Fifty years ago it came to be.
The red cedar picnic table, along with the accompanying two benches, just appeared one hot summer afternoon out back on the fenced green lawn, sheltered under the shade of the tall pine tree.
It was long before central air-conditioning.
Every window in the house was wide open.
It was cooler out rather than in.

These were the days before every home had a two, three or even four car garage.
Despite cheap gas, frugality reigned.
It was a time when everyone was home more often than away.
A time when families and neighbors would gather together outside in order to cool off, simply sharing the riches of one another’s lives.

Backyard cookouts, neighborhood block parties, a time of lazy summer days. . .
Life was delightfully slower back then.
Most moms were home, as dads were at work and the kids whiled away the hours outside.
Kick the can
Hide-n-seek
Stickball games
Collecting evening fireflies
Catching crawfish in the creek
A single voice calling out “Marco. . .”
while a handful of youthful voices echoed back “Polo. . .”

This was the time before toxic waters, child predators and electronic this and thats. .
There was no need for cell phones. . .parents knew kids would be home at dark.
High fashion consisted of tee shirts, cut offs and a new pair of keds.

Popsicles dribbled down chins,
As everyone shooed the flies aways from the platter of ice cold slices of watermelon.
Winning the seed spiting contests always went to those who still had their front teeth.
Mothers were insistent on everyone wearing their tennis shoes while youthful feet clamored to be free
“I don’t want to hear it when you get a splinter or step on a yellow jacket. . .”

A neighborhood full of youthful energy each took their places at the table, sliding onto the benches oh so gingerly so as not to rub bare legs carelessly over the red cedar wood.
“Everyone look this way and smile”. . .
As the Kodak flash cube blinked and clicked with the advancement of the film.

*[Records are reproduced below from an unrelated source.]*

(* Let $\Sigma^*\to G$, $w\mapsto\overline w$, be a choice of generators for a group $G$, let $\#\notin\Sigma$, let $R\subset\Sigma^*$ be a regular combing, and suppose $M=\{u\#v\#w\mid u,v,w\in R,\ \overline u\,\overline v\,\overline w=1\}$ is context-free. Let $\mathcal G$ be a context-free grammar for $M$ in Chomsky normal form (all productions of the form $A\to BC$ or $A\to a$ with $A,B,C$ nonterminals and $a\in\Sigma\cup\{\#\}$) such that every production participates in some derivation of a word of $M$ and every nonterminal occurs in some production. Call a nonterminal $A$ of rank zero if no terminal word derivable from $A$ contains $\#$. Then there exist a constant $K'$ and a regular combing $R'\subset R$ such that every word of $M\cap (R'\#R'\#R')$ has a derivation in $\mathcal G$ in which each nonterminal of rank zero derives a subword of length at most $K'$.
   Context: A choice of generators for $G$ consists of a finite alphabet $\Sigma$ with formal inverses (a fixed-point-free involution $a\mapsto a^{-1}$ on $\Sigma$, extended by $(wv)^{-1}=v^{-1}w^{-1}$) and a surjective monoid homomorphism $\Sigma^*\to G$, $w\mapsto\overline w$, with $\overline{w^{-1}}=\overline w^{-1}$. A regular combing is a regular language $R\subset\Sigma^*$ mapping onto $G$. In a derivation of a terminal word, each occurrence of a nonterminal derives a subword of that word. *)

theory Defs
  imports "HOL-Algebra.Group"
begin

definition regular_on :: "'a set \<Rightarrow> 'a list set \<Rightarrow> bool" where
  "regular_on \<Sigma> L \<longleftrightarrow>
     (\<exists>(Q::nat set) q0 (\<delta>::nat \<Rightarrow> 'a \<Rightarrow> nat) F.
        finite Q \<and> q0 \<in> Q \<and> (\<forall>q\<in>Q. \<forall>a\<in>\<Sigma>. \<delta> q a \<in> Q) \<and> F \<subseteq> Q \<and>
        L = {w \<in> lists \<Sigma>. foldl \<delta> q0 w \<in> F})"

definition word_inv :: "('a \<Rightarrow> 'a) \<Rightarrow> 'a list \<Rightarrow> 'a list" where
  "word_inv iv w = rev (map iv w)"

definition choice_of_generators ::
  "('g, 'b) monoid_scheme \<Rightarrow> 'a set \<Rightarrow> ('a \<Rightarrow> 'a) \<Rightarrow> ('a list \<Rightarrow> 'g) \<Rightarrow> bool" where
  "choice_of_generators G \<Sigma> iv \<phi> \<longleftrightarrow>
     group G \<and> finite \<Sigma> \<and>
     (\<forall>a\<in>\<Sigma>. iv a \<in> \<Sigma> \<and> iv (iv a) = a \<and> iv a \<noteq> a) \<and>
     \<phi> [] = \<one>\<^bsub>G\<^esub> \<and>
     (\<forall>u\<in>lists \<Sigma>. \<forall>v\<in>lists \<Sigma>. \<phi> (u @ v) = \<phi> u \<otimes>\<^bsub>G\<^esub> \<phi> v) \<and>
     \<phi> ` lists \<Sigma> = carrier G \<and>
     (\<forall>w\<in>lists \<Sigma>. \<phi> (word_inv iv w) = inv\<^bsub>G\<^esub> (\<phi> w))"

definition regular_combing ::
  "('g, 'b) monoid_scheme \<Rightarrow> 'a set \<Rightarrow> ('a list \<Rightarrow> 'g) \<Rightarrow> 'a list set \<Rightarrow> bool" where
  "regular_combing G \<Sigma> \<phi> R \<longleftrightarrow> R \<subseteq> lists \<Sigma> \<and> regular_on \<Sigma> R \<and> \<phi> ` R = carrier G"

definition word_problem_M ::
  "('g, 'b) monoid_scheme \<Rightarrow> ('a list \<Rightarrow> 'g) \<Rightarrow> 'a \<Rightarrow> 'a list set \<Rightarrow> 'a list set" where
  "word_problem_M G \<phi> h R =
     {u @ [h] @ v @ [h] @ w | u v w. u \<in> R \<and> v \<in> R \<and> w \<in> R \<and>
        \<phi> u \<otimes>\<^bsub>G\<^esub> \<phi> v \<otimes>\<^bsub>G\<^esub> \<phi> w = \<one>\<^bsub>G\<^esub>}"

definition three_concat :: "'a \<Rightarrow> 'a list set \<Rightarrow> 'a list set" where
  "three_concat h R = {u @ [h] @ v @ [h] @ w | u v w. u \<in> R \<and> v \<in> R \<and> w \<in> R}"

text \<open>A derivation of a terminal word is represented by its parse tree; each node
  is an occurrence of a nonterminal deriving the yield of its subtree.\<close>

datatype ('n, 't) ptree = Leaf 'n 't | Node 'n "('n, 't) ptree" "('n, 't) ptree"

fun root :: "('n, 't) ptree \<Rightarrow> 'n" where
  "root (Leaf A a) = A"
| "root (Node A l r) = A"

fun yield :: "('n, 't) ptree \<Rightarrow> 't list" where
  "yield (Leaf A a) = [a]"
| "yield (Node A l r) = yield l @ yield r"

fun subtrees :: "('n, 't) ptree \<Rightarrow> ('n, 't) ptree set" where
  "subtrees (Leaf A a) = {Leaf A a}"
| "subtrees (Node A l r) = insert (Node A l r) (subtrees l \<union> subtrees r)"

fun valid_tree :: "('n \<times> 'n \<times> 'n) set \<Rightarrow> ('n \<times> 't) set \<Rightarrow> ('n, 't) ptree \<Rightarrow> bool" where
  "valid_tree P2 P1 (Leaf A a) \<longleftrightarrow> (A, a) \<in> P1"
| "valid_tree P2 P1 (Node A l r) \<longleftrightarrow>
     (A, root l, root r) \<in> P2 \<and> valid_tree P2 P1 l \<and> valid_tree P2 P1 r"

definition lang_from :: "('n \<times> 'n \<times> 'n) set \<Rightarrow> ('n \<times> 't) set \<Rightarrow> 'n \<Rightarrow> 't list set" where
  "lang_from P2 P1 A = {yield t | t. valid_tree P2 P1 t \<and> root t = A}"

fun bin_prods :: "('n, 't) ptree \<Rightarrow> ('n \<times> 'n \<times> 'n) set" where
  "bin_prods (Leaf A a) = {}"
| "bin_prods (Node A l r) = insert (A, root l, root r) (bin_prods l \<union> bin_prods r)"

fun term_prods :: "('n, 't) ptree \<Rightarrow> ('n \<times> 't) set" where
  "term_prods (Leaf A a) = {(A, a)}"
| "term_prods (Node A l r) = term_prods l \<union> term_prods r"

definition cnf_grammar ::
  "'n set \<Rightarrow> 't set \<Rightarrow> ('n \<times> 'n \<times> 'n) set \<Rightarrow> ('n \<times> 't) set \<Rightarrow> 'n \<Rightarrow> bool" where
  "cnf_grammar N T P2 P1 S \<longleftrightarrow>
     finite N \<and> S \<in> N \<and> finite P2 \<and> finite P1 \<and>
     (\<forall>(A, B, C) \<in> P2. A \<in> N \<and> B \<in> N \<and> C \<in> N) \<and>
     (\<forall>(A, a) \<in> P1. A \<in> N \<and> a \<in> T)"

definition grammar_trim ::
  "'n set \<Rightarrow> ('n \<times> 'n \<times> 'n) set \<Rightarrow> ('n \<times> 't) set \<Rightarrow> 'n \<Rightarrow> bool" where
  "grammar_trim N P2 P1 S \<longleftrightarrow>
     (\<forall>p\<in>P2. \<exists>t. valid_tree P2 P1 t \<and> root t = S \<and> p \<in> bin_prods t) \<and>
     (\<forall>p\<in>P1. \<exists>t. valid_tree P2 P1 t \<and> root t = S \<and> p \<in> term_prods t) \<and>
     (\<forall>A\<in>N. (\<exists>B C. (A, B, C) \<in> P2 \<or> (B, A, C) \<in> P2 \<or> (B, C, A) \<in> P2) \<or>
            (\<exists>a. (A, a) \<in> P1))"

definition rank_zero :: "('n \<times> 'n \<times> 'n) set \<Rightarrow> ('n \<times> 't) set \<Rightarrow> 't \<Rightarrow> 'n \<Rightarrow> bool" where
  "rank_zero P2 P1 h A \<longleftrightarrow> (\<forall>w \<in> lang_from P2 P1 A. h \<notin> set w)"

end

theory Submission
  imports Defs "HOL-Library.Sublist"
begin

text \<open>Only rank-zero nonterminals \<open>B\<close> occurring in a derivation from \<open>S\<close> matter. Such a \<open>B\<close>
  sits in a context \<open>\<alpha> _ \<beta>\<close> of a word of \<open>M\<close>, and erasing the separators from \<open>\<alpha> z \<beta>\<close> gives
  a relator for every word \<open>z\<close> derived from \<open>B\<close>, so all these \<open>z\<close> have the same value in \<open>G\<close>.
  As \<open>R\<close> is regular, its syntactic congruence has finite index, so there is a \<open>K\<close> such that
  every word derived from such a \<open>B\<close> is congruent to one of length below \<open>K\<close> also derived from
  \<open>B\<close>. Let \<open>R'\<close> consist of the words of \<open>R\<close> having no factor derived from such a \<open>B\<close> with
  length in \<open>(K, 2K]\<close>. This excludes finitely many factors, so \<open>R'\<close> is regular, and a shortest
  word of \<open>R\<close> with a given value lies in \<open>R'\<close>, since a forbidden factor could be replaced by a
  shorter congruent one of the same value. Finally, in a derivation of a word of
  \<open>M \<inter> R'#R'#R'\<close> a rank-zero subtree with yield longer than \<open>2K\<close> contains one whose yield has
  length in \<open>(K, 2K]\<close>; that yield contains no \<open>#\<close>, hence is a factor of one of the three words
  of \<open>R'\<close>, which is impossible. So \<open>K' = 2K\<close> works.\<close>

section \<open>Regular languages\<close>

lemma foldl_in_states:
  assumes "\<forall>q\<in>Q. \<forall>a\<in>\<Sigma>. \<delta> q a \<in> Q" "q \<in> Q" "w \<in> lists \<Sigma>"
  shows "foldl \<delta> q w \<in> Q"
  using assms(2,3) by (induction w arbitrary: q) (auto simp: assms(1))

lemma regular_on_dfa:
  fixes Q :: "'s set" and \<delta> :: "'s \<Rightarrow> 'a \<Rightarrow> 's"
  assumes fin: "finite Q" and q0: "q0 \<in> Q" and closed: "\<forall>q\<in>Q. \<forall>a\<in>\<Sigma>. \<delta> q a \<in> Q"
    and F: "F \<subseteq> Q"
  shows "regular_on \<Sigma> {w \<in> lists \<Sigma>. foldl \<delta> q0 w \<in> F}"
proof -
  obtain f :: "'s \<Rightarrow> nat" and n where "f ` Q = {i. i < n}" and inj: "inj_on f Q"
    using finite_imp_inj_to_nat_seg[OF fin] by blast
  define \<delta>' where "\<delta>' i a = f (\<delta> (inv_into Q f i) a)" for i a
  have run: "foldl \<delta>' (f q) w = f (foldl \<delta> q w)" if "q \<in> Q" "w \<in> lists \<Sigma>" for q w
    using that by (induction w arbitrary: q) (auto simp: \<delta>'_def inj closed)
  have "foldl \<delta> q0 w \<in> F \<longleftrightarrow> foldl \<delta>' (f q0) w \<in> f ` F" if "w \<in> lists \<Sigma>" for w
    unfolding run[OF q0 that]
    using foldl_in_states[OF closed q0 that] F by (simp add: inj_on_image_mem_iff[OF inj])
  then have "{w \<in> lists \<Sigma>. foldl \<delta> q0 w \<in> F} = {w \<in> lists \<Sigma>. foldl \<delta>' (f q0) w \<in> f ` F}"
    by blast
  moreover have "\<forall>i\<in>f ` Q. \<forall>a\<in>\<Sigma>. \<delta>' i a \<in> f ` Q"
    using closed inj by (auto simp: \<delta>'_def)
  moreover have "finite (f ` Q)" "f q0 \<in> f ` Q" "f ` F \<subseteq> f ` Q"
    using fin q0 F by auto
  ultimately show ?thesis
    unfolding regular_on_def by blast
qed

definition lastn :: "nat \<Rightarrow> 'a list \<Rightarrow> 'a list" where
  "lastn M xs = drop (length xs - M) xs"

lemma lastn_snoc: "lastn M (lastn M w @ [a]) = lastn M (w @ [a])"
  unfolding lastn_def by (cases "length w \<le> M") (auto simp: Suc_diff_le)

lemma suffix_drop_iff:
  assumes "length y + k \<le> length z"
  shows "suffix y (drop k z) \<longleftrightarrow> suffix y z"
proof
  show "suffix y (drop k z) \<Longrightarrow> suffix y z"
    using suffix_drop suffix_order.trans by blast
  assume "suffix y z"
  moreover have "length y \<le> length (drop k z)"
    using assms by simp
  ultimately show "suffix y (drop k z)"
    using suffix_drop suffix_length_suffix by blast
qed

lemma suffix_lastn_snoc_iff:
  assumes "length y \<le> Suc M"
  shows "suffix y (lastn M w @ [a]) \<longleftrightarrow> suffix y (w @ [a])"
proof (cases "length w \<le> M")
  case False
  then have "lastn M w @ [a] = drop (length w - M) (w @ [a])"
    by (simp add: lastn_def)
  then show ?thesis
    using assms False suffix_drop_iff[of y "length w - M" "w @ [a]"] by simp
qed (simp add: lastn_def)

text \<open>The automaton runs the one for \<open>R\<close> alongside a window holding the last \<open>M\<close> letters
  read and a flag recording whether a forbidden factor has been seen.\<close>
lemma regular_on_avoiding_factors:
  assumes reg: "regular_on \<Sigma> R" and fin: "finite \<Sigma>" and bounded: "\<forall>y\<in>F. length y \<le> M"
  shows "regular_on \<Sigma> {u \<in> R. \<not> (\<exists>y\<in>F. sublist y u)}"
proof -
  obtain Q :: "nat set" and q0 \<delta> Fin where Q: "finite Q" "q0 \<in> Q" and
    closed: "\<forall>q\<in>Q. \<forall>a\<in>\<Sigma>. \<delta> q a \<in> Q" and Fin: "Fin \<subseteq> Q"
    and R: "R = {w \<in> lists \<Sigma>. foldl \<delta> q0 w \<in> Fin}"
    using reg unfolding regular_on_def by blast
  define W where "W = {xs \<in> lists \<Sigma>. length xs \<le> M}"
  define step where
    "step = (\<lambda>(q, s, b) a. (\<delta> q a, lastn M (s @ [a]), b \<or> (\<exists>y\<in>F. suffix y (s @ [a]))))"
  define start where "start = (q0, [] :: 'a list, [] \<in> F)"
  have lastn_W: "lastn M s \<in> W" if "s \<in> lists \<Sigma>" for s
    using that unfolding W_def lastn_def by (auto dest: in_set_dropD)
  have finite_W: "finite W"
    using finite_lists_length_le[OF fin, of M] by (rule finite_subset[rotated]) (auto simp: W_def)
  have run: "foldl step start w = (foldl \<delta> q0 w, lastn M w, \<exists>y\<in>F. sublist y w)" for w
  proof (induction w rule: rev_induct)
    case (snoc a w)
    have "(\<exists>y\<in>F. sublist y w \<or> suffix y (lastn M w @ [a])) \<longleftrightarrow> (\<exists>y\<in>F. sublist y (w @ [a]))"
      using suffix_lastn_snoc_iff bounded sublist_snoc by (metis le_SucI)
    then show ?case
      using snoc.IH by (auto simp: step_def lastn_snoc)
  qed (auto simp: start_def lastn_def)
  have "{u \<in> R. \<not> (\<exists>y\<in>F. sublist y u)} = {w \<in> lists \<Sigma>. foldl step start w \<in> Fin \<times> W \<times> {False}}"
    using lastn_W by (auto simp: R run)
  also have "regular_on \<Sigma> \<dots>"
  proof (rule regular_on_dfa)
    show "finite (Q \<times> W \<times> (UNIV :: bool set))"
      using Q(1) finite_W by simp
    show "\<forall>x\<in>Q \<times> W \<times> UNIV. \<forall>a\<in>\<Sigma>. step x a \<in> Q \<times> W \<times> UNIV"
    proof (intro ballI)
      fix x a assume x: "x \<in> Q \<times> W \<times> (UNIV :: bool set)" and a: "a \<in> \<Sigma>"
      obtain q s b where x_def: "x = (q, s, b)"
        by (cases x)
      have "s @ [a] \<in> lists \<Sigma>"
        using x a by (simp add: x_def W_def)
      then show "step x a \<in> Q \<times> W \<times> UNIV"
        using x a closed lastn_W by (simp add: x_def step_def)
    qed
  qed (use Q(2) Fin in \<open>auto simp: start_def W_def\<close>)
  finally show ?thesis .
qed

The paper plates were ladened with peanut butter and jelly sandwiches, Lays potato chips and fritos along with freshly washed green grapes. . .however it was to the ice-cream sandwiches and fudge bars that all eyes turned.
“Now ya’ll wait a while after eating–I don’t want you running around making yourselves sick. . .”
As the moms sipped iced coffee and puffed on their cigarettes.

Yet sadly, time always has a way of catching up with Life.
The children grew up and one by one, grew away.
With each passing summer there were less and less members gathered around the table.
The joyful chatter of youthful exuberance grew silent
The pine straw fell, covering the table as the benches remained empty and bare.
Abandoned and finally forgotten. . .that is until today.

Fifty years later, a lone bench is found hidden deep in the woods.
Time and the elements have each laid claim to the table and fellow bench, but the lone single bench remains much as it did—waiting and inviting any and all who might wish to sit a spell while spending a summer’s evening listening to the sound of the whip-poor-will and the distant echo of the laughter of children.